– Профессор Хейвард, я принесла вам кофе… – будто бы извиняясь, на пороге кабинета появилась Люси с огромным подносом. – Вы ничего не ели целые сутки…
Николас поднял на нее усталый взгляд. Он действительно не спал и не ел целые сутки. Он просто старался решить проблему. Найти хоть какое-нибудь объяснение, почему эфир прерывается…
– Что говорят по этому поводу в интернете? – мрачно уточнил профессор.
– Ничего такого… – неуверенно пробормотала Люси.
– Что там пишут, мисс Льюис?
Люси немного поколебалась, расставляя еду на столе, и все же ответила:
– Говорят, что помехи начались в то же число, что и госпитализация Джонни… Ну, знаете… Дурной знак… Теория заговора…
– И что же, эти конспирологи дают моей Вое всего три дня? С учетом того, что прошли уже сутки – два?
Николас усмехнулся, хотя не видел в происходящем ничего смешного.
– Это же интернет… – пожала плечами Люси. – Они еще кричат о том, что наконец-то не станет последнего напоминания о бездарности правления сумасшедшего президента. – Она хмыкнула, не то соглашаясь с криками в интернете, не то осуждая их.
– А когда у нас был нормальный президент?

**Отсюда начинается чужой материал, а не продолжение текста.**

lemma inf_mem_Gamma:
  assumes meets: "\<And>a b. a \<in> L \<Longrightarrow> b \<in> L \<Longrightarrow> \<exists>c. is_meet L le a b c"
    and f: "f \<in> Gamma L le" and g: "g \<in> Gamma L le"
  shows "inf f g \<in> Gamma L le"
proof (rule GammaI)
  fix s :: real assume s: "0 \<le> s" "s \<le> 1"
  obtain a where "a \<in> L" and a: "\<And>x. x \<in> L \<Longrightarrow> s \<le> f x \<longleftrightarrow> le x a"
    using Gamma_level_set[OF f s] by blast
  obtain b where "b \<in> L" and b: "\<And>x. x \<in> L \<Longrightarrow> s \<le> g x \<longleftrightarrow> le x b"
    using Gamma_level_set[OF g s] by blast
  obtain c where "is_meet L le a b c" using meets \<open>a \<in> L\<close> \<open>b \<in> L\<close> by blast
  then show "\<exists>c\<in>L. \<forall>x\<in>L. s \<le> inf f g x \<longleftrightarrow> le x c"
    using a b by (auto simp: is_meet_def)
qed (use Gamma_zero_outside[OF f] Gamma_zero_outside[OF g] Gamma_range[OF f] Gamma_range[OF g]
    in \<open>auto simp: le_infI1\<close>)

lemma is_glb_in_Gamma_inf:
  assumes "\<And>a b. a \<in> L \<Longrightarrow> b \<in> L \<Longrightarrow> \<exists>c. is_meet L le a b c"
    and "f \<in> Gamma L le" "g \<in> Gamma L le"
  shows "is_glb_in (Gamma L le) f g (inf f g)"
  using inf_mem_Gamma[OF assms] by (auto simp: is_glb_in_def pw_le_def)

lemma is_lub_in_unique: "is_lub_in P f g j \<Longrightarrow> is_lub_in P f g j' \<Longrightarrow> j = j'"
  unfolding is_lub_in_def pw_le_def by (intro ext) (meson order_antisym)

lemma is_glb_in_unique: "is_glb_in P f g m \<Longrightarrow> is_glb_in P f g m' \<Longrightarrow> m = m'"
  unfolding is_glb_in_def pw_le_def by (intro ext) (meson order_antisym)

lemma distributive_lattice_pwI:
  assumes lub: "\<And>f g. f \<in> P \<Longrightarrow> g \<in> P \<Longrightarrow> is_lub_in P f g (join f g)"
    and glb: "\<And>f g. f \<in> P \<Longrightarrow> g \<in> P \<Longrightarrow> is_glb_in P f g (meet f g)"
    and distrib: "\<And>f g h. f \<in> P \<Longrightarrow> g \<in> P \<Longrightarrow> h \<in> P \<Longrightarrow>
      meet f (join g h) = join (meet f g) (meet f h)"
  shows "distributive_lattice_pw P"
  unfolding distributive_lattice_pw_def
proof (intro conjI ballI allI impI)
  fix f g assume "f \<in> P" "g \<in> P"
  then show "\<exists>j. is_lub_in P f g j" "\<exists>m. is_glb_in P f g m" using lub glb by blast+
next
  fix f g h j a b c e assume P: "f \<in> P" "g \<in> P" "h \<in> P"
  assume "is_lub_in P g h j \<and> is_glb_in P f j a \<and> is_glb_in P f g b \<and> is_glb_in P f h c \<and>
    is_lub_in P b c e"
  then have j: "is_lub_in P g h j" and a: "is_glb_in P f j a" and b: "is_glb_in P f g b"
    and c: "is_glb_in P f h c" and e: "is_lub_in P b c e"
    by simp_all
  have "j = join g h" "b = meet f g" "c = meet f h"
    using is_lub_in_unique[OF j lub[OF P(2,3)]] is_glb_in_unique[OF b glb[OF P(1,2)]]
      is_glb_in_unique[OF c glb[OF P(1,3)]] by simp_all
  moreover have "j \<in> P" "b \<in> P" "c \<in> P" using j b c by (simp_all add: is_lub_in_def is_glb_in_def)
  ultimately show "a = e"
    using is_glb_in_unique[OF a glb[OF P(1)]] is_lub_in_unique[OF e lub] distrib[OF P] by simp
qed

definition principal_indicator :: "'a set \<Rightarrow> ('a \<Rightarrow> 'a \<Rightarrow> bool) \<Rightarrow> 'a \<Rightarrow> 'a \<Rightarrow> real" where
  "principal_indicator L le a x = (if x \<in> L \<and> le x a then 1 else 0)"
theorem theorem2:
  fixes N :: "real^'n \<Rightarrow> real"
    and f :: "real^'n \<Rightarrow> real^'m \<Rightarrow> real^'n"
    and U :: "(real^'m) set"
    and A :: "(real^'n) set"
    and r M p :: real
    and lam :: "real \<Rightarrow> nat \<Rightarrow> real"
    and \<alpha> :: "real^'n \<Rightarrow> real"
    and a_lo a_hi pbar :: real
  assumes norm: "is_norm N"
    and f_cont: "continuous_on UNIV (\<lambda>(x, u). f x u)"
    and U_compact: "compact U" and U_ne: "U \<noteq> {}"
    and A_compact: "compact A" and A_ne: "A \<noteq> {}"
    and A_inv: "\<forall>x\<in>A. \<exists>u\<in>U. f x u \<in> A"
    and r_pos: "r > 0" and M_ge: "M \<ge> 1" and p_pos: "p > 0"
    and lam_nonneg: "\<forall>s\<in>{0..r}. \<forall>k. lam s k \<ge> 0"
    and lam_cont: "\<forall>k. continuous_on {0..r} (\<lambda>s. lam s k)"
    and lam_mono: "\<forall>k. mono_on {0..r} (\<lambda>s. lam s k)"
    and lam_zero: "\<forall>k. lam 0 k = 0"
    and lam_decr: "\<forall>s\<in>{0..r}. \<forall>k. lam s (Suc k) \<le> lam s k"
    and lam_init: "\<forall>s\<in>{0..r}. lam s 0 \<le> s"
    and lam_sum: "summable (\<lambda>k. lam r k powr p)"
    and stab: "\<forall>x. set_dist N x A \<le> r \<longrightarrow>
                 (\<exists>\<pi>. (\<forall>k. \<pi> k \<in> U) \<and>
                   (\<forall>k. set_dist N (traj f x \<pi> k) A \<le> M * lam (set_dist N x A) k))"
    and \<alpha>_cont: "continuous_on UNIV \<alpha>"
    and a_lo_pos: "a_lo > 0" and a_hi_pos: "a_hi > 0" and pbar_ge: "pbar \<ge> p"
    and \<alpha>_bounds: "\<forall>x. a_lo * set_dist N x A powr pbar \<le> \<alpha> x \<and>
                      \<alpha> x \<le> a_hi * set_dist N x A powr pbar"
  shows "{x. Vfun f U \<alpha> {x} < \<infinity>} = {x. Wfun f U \<alpha> {x} < 1}
         \<and> {x. Wfun f U \<alpha> {x} < 1} = stab_domain N f U A"
proof -
  interpret lp_stabilizable_cost N f U A r M p lam \<alpha> a_lo a_hi pbar
    using norm U_ne A_ne r_pos M_ge p_pos lam_nonneg lam_mono lam_decr lam_init lam_sum stab
      a_lo_pos a_hi_pos pbar_ge \<alpha>_bounds
    by unfold_locales auto
  show ?thesis
    by (simp only: Wfun_less_one_iff Vfun_finite_iff_stab_domain Collect_mem_eq simp_thms)
qed

end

То маразматик, то шоумен… Этот, по крайней мере, был мечтателем…
При воспоминаниях о Джонни стало еще тоскливее.
– Вы его хорошо знали? – внезапно спросила Люси.
***
– Профессор! Вы пришли! – обрадовался появлению Николаса Джонни.
Николас и забыл, что Джонни уже не тот мальчишка, которого он встретил почти пятнадцать лет назад.
Тогда Николас только получил степень и начал преподавать в MIT. Джонни был его первым студентом, который, не пойми за какие заслуги, выбрал профессора Хейварда своим научным руководителем абсолютно для всех работ.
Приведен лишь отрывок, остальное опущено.